Peter K Butler v. Shari Moore
Minnesota Court of Appeals
Peter K Butler v. Shari Moore
Opinion
This opinion is nonprecedential except as provided by
Minn. R. Civ. App. P. 136.01, subd. 1(c).
STATE OF MINNESOTA
IN COURT OF APPEALS
A23-1582
Peter K Butler,
Appellant,
vs.
Shari Moore, et al.,
Respondents.
Filed June 24, 2024
Affirmed
Smith, Tracy M., Judge
Ramsey County District Court
File No. 62-CV-23-1154
Peter K. Butler, St. Paul, Minnesota (pro se appellant)
Lyndsey M. Olson, St. Paul City Attorney, Megan D. Hafner, Assistant City Attorney,
St. Paul, Minnesota (for respondents)
Considered and decided by Bjorkman, Presiding Judge; Smith, Tracy M., Judge;
and Slieter, Judge.
NONPRECEDENTIAL OPINION
SMITH, TRACY M., Judge
Appellant challenges the dismissal of his petition under Minnesota’s election law,
in which he sought to challenge respondents’ process for reviewing signatures on citizen
petitions for proposed charter amendments and ballot initiatives in Saint Paul.
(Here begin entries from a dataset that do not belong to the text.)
lemma msum_mult_vec_index: assumes v: "v \<in> carrier_vec N" and i: "i < N"
  and f: "\<And>k. k \<in> I \<Longrightarrow> f k \<in> carrier_mat N N"
  shows "(msum N I f *\<^sub>v v) $ i = (\<Sum>k\<in>I. (f k *\<^sub>v v) $ i)"
proof -
  have "(msum N I f *\<^sub>v v) $ i = (\<Sum>l<N. (\<Sum>k\<in>I. f k $$ (i,l)) * v $ l)"
    using v i by (auto simp: scalar_prod_def lessThan_atLeast0 intro!: sum.cong)
  also have "\<dots> = (\<Sum>k\<in>I. \<Sum>l<N. f k $$ (i,l) * v $ l)"
    by (simp add: sum_distrib_right sum.swap[of _ I])
  also have "\<dots> = (\<Sum>k\<in>I. (f k *\<^sub>v v) $ i)"
  proof (rule sum.cong[OF refl])
    fix k assume "k \<in> I"
    then show "(\<Sum>l<N. f k $$ (i,l) * v $ l) = (f k *\<^sub>v v) $ i"
      using v i f[of k] by (auto simp: scalar_prod_def lessThan_atLeast0 intro!: sum.cong)
  qed
  finally show ?thesis .
qed

lemma mat_eq_by_mult_vec: fixes A :: "complex mat" assumes "A \<in> carrier_mat N N" "B \<in> carrier_mat N N"
  "\<And>v. v \<in> carrier_vec N \<Longrightarrow> A *\<^sub>v v = B *\<^sub>v v"
  shows "A = B"
proof (rule eq_matI)
  fix i j assume "i < dim_row B" "j < dim_col B"
  then have ij: "i < N" "j < N" using assms by auto
  have "col A j = col B j" using assms(3)[of "unit_vec N j"] mult_mat_unit_vec[OF assms(1) ij(2)] mult_mat_unit_vec[OF assms(2) ij(2)] by simp
  then have "col A j $ i = col B j $ i" by simp
  then show "A $$ (i,j) = B $$ (i,j)" using ij assms by simp
qed (use assms in auto)

lemma is_orth_proj_unique: assumes P: "is_orth_proj N P S" and Q: "is_orth_proj N Q S" shows "P = Q"
proof -
  have Pc: "P \<in> carrier_mat N N" and Ph: "dag P = P" and Pi: "P * P = P" and Pim: "(\<lambda>v. P *\<^sub>v v) ` carrier_vec N = S"
    using P unfolding is_orth_proj_def by auto
  have Qc: "Q \<in> carrier_mat N N" and Qh: "dag Q = Q" and Qi: "Q * Q = Q" and Qim: "(\<lambda>v. Q *\<^sub>v v) ` carrier_vec N = S"
    using Q unfolding is_orth_proj_def by auto
  have fix1: "X * Y = Y" if Xc: "X \<in> carrier_mat N N" and Yc: "Y \<in> carrier_mat N N" and Xi: "X * X = X"
    and im: "(\<lambda>v. Y *\<^sub>v v) ` carrier_vec N = (\<lambda>v. X *\<^sub>v v) ` carrier_vec N" for X Y :: "complex mat"
  proof (rule mat_eq_by_mult_vec[of _ N])
    show "X * Y \<in> carrier_mat N N" using Xc Yc by simp
    show "Y \<in> carrier_mat N N" by (rule Yc)
    fix v :: "complex vec" assume v: "v \<in> carrier_vec N"
    have "Y *\<^sub>v v \<in> (\<lambda>v. X *\<^sub>v v) ` carrier_vec N" using im v by blast
    then obtain w where w: "w \<in> carrier_vec N" "Y *\<^sub>v v = X *\<^sub>v w" by auto
    have "(X * Y) *\<^sub>v v = X *\<^sub>v (Y *\<^sub>v v)" using Xc Yc v by simp
    also have "\<dots> = (X * X) *\<^sub>v w" unfolding w(2) using Xc w(1) by simp
    also have "\<dots> = Y *\<^sub>v v" unfolding Xi w(2) ..
    finally show "(X * Y) *\<^sub>v v = Y *\<^sub>v v" .
  qed
  have QP: "Q * P = P" by (rule fix1[OF Qc Pc Qi]) (simp add: Pim Qim)
  have PQ: "P * Q = Q" by (rule fix1[OF Pc Qc Pi]) (simp add: Pim Qim)
  have "P = dag P" using Ph by simp
  also have "\<dots> = dag (Q * P)" unfolding QP ..
  also have "\<dots> = dag P * dag Q" by (rule dag_mult[OF Qc Pc])
  also have "\<dots> = Q" unfolding Ph Qh PQ ..
  finally show ?thesis .
qed

lemma sum_atLeast1_shift: "(\<Sum>q\<in>{1..m}. f q) = (\<Sum>k<m. f (Suc k))"
proof -
  have "{1..m} = Suc ` {..<m}" by (auto simp: image_iff) (metis Suc_pred' lessThan_iff less_Suc_eq_le not_gr0 not_less_eq_eq)
  then show ?thesis by (simp add: sum.reindex)
qed

lemma orthogonal_cols:
  fixes R :: "nat \<Rightarrow> nat \<Rightarrow> real"
  assumes rows: "\<forall>p\<in>{1..m}. \<forall>p'\<in>{1..m}. (\<Sum>q\<in>{1..m}. R p q * R p' q) = (if p = p' then 1 else 0)"
  and q: "q \<in> {1..m}" and q': "q' \<in> {1..m}"
  shows "(\<Sum>p\<in>{1..m}. R p q * R p q') = (if q = q' then 1 else 0)"
proof -
  define Rm where "Rm = mat m m (\<lambda>(i,j). R (Suc i) (Suc j))"
  have Rc: "Rm \<in> carrier_mat m m" "transpose_mat Rm \<in> carrier_mat m m" unfolding Rm_def by auto
  have "Rm * transpose_mat Rm = 1\<^sub>m m"
  proof (rule eq_matI)
    fix i i' assume "i < dim_row (1\<^sub>m m)" "i' < dim_col (1\<^sub>m m)"
    then have ii: "i < m" "i' < m" by auto
    have "(Rm * transpose_mat Rm) $$ (i,i') = (\<Sum>k<m. R (Suc i) (Suc k) * R (Suc i') (Suc k))"
      unfolding Rm_def using ii by (auto simp: scalar_prod_def lessThan_atLeast0 intro!: sum.cong)
    also have "\<dots> = (\<Sum>q\<in>{1..m}. R (Suc i) q * R (Suc i') q)" by (rule sum_atLeast1_shift[symmetric])
    also have "\<dots> = (if i = i' then 1 else 0)" using rows ii by auto
    finally show "(Rm * transpose_mat Rm) $$ (i,i') = 1\<^sub>m m $$ (i,i')" using ii by simp
  qed (auto simp: Rm_def)
  then have TR: "transpose_mat Rm * Rm = 1\<^sub>m m" by (rule mat_mult_left_right_inverse[OF Rc])
  obtain j j' where j: "q = Suc j" "q' = Suc j'" "j < m" "j' < m" using q q'
    by (metis Suc_le_eq Suc_pred' atLeastAtMost_iff not_gr0 not_less_eq_eq One_nat_def)
  have "(transpose_mat Rm * Rm) $$ (j,j') = (\<Sum>k<m. R (Suc k) (Suc j) * R (Suc k) (Suc j'))"
    unfolding Rm_def using j by (auto simp: scalar_prod_def lessThan_atLeast0 intro!: sum.cong)
  also have "\<dots> = (\<Sum>p\<in>{1..m}. R p q * R p q')" unfolding j by (rule sum_atLeast1_shift[symmetric])
  finally show ?thesis using TR j by auto
qed

lemma sum_lessThan_add_split: "(\<Sum>k<m+b. g k) = (\<Sum>k<m. g k) + (\<Sum>v<b. g (m+v::nat))"
  by (induction b) (auto simp: add.assoc)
Appellant
sought relief with respect to a future petition to place a proposed amendment to the city
charter on the November 2024 ballot, for which he is currently collecting signatures, and a
past petition to place a question on the November 2022 ballot regarding funding for early
childhood education. The district court (1) dismissed without prejudice appellant’s claim
regarding the future petition on the ground that the claim is not ripe and (2) dismissed with
prejudice appellant’s claim regarding the past petition on the ground that the claim is barred
by laches. Because we conclude that the district court did not err, we affirm.
FACTS
In March 2023, appellant Peter K. Butler filed a petition against respondents Saint
Paul City Clerk Shari Moore and Ramsey County Elections Manager and Acting Deputy
Director of Property Tax, Records, and Elections Services David Triplett under Minnesota
Statutes section 204B.44 (2022). Section 204B.44 provides for the correction of any
“errors, omissions, or wrongful acts which have occurred or are about to occur,” Minn.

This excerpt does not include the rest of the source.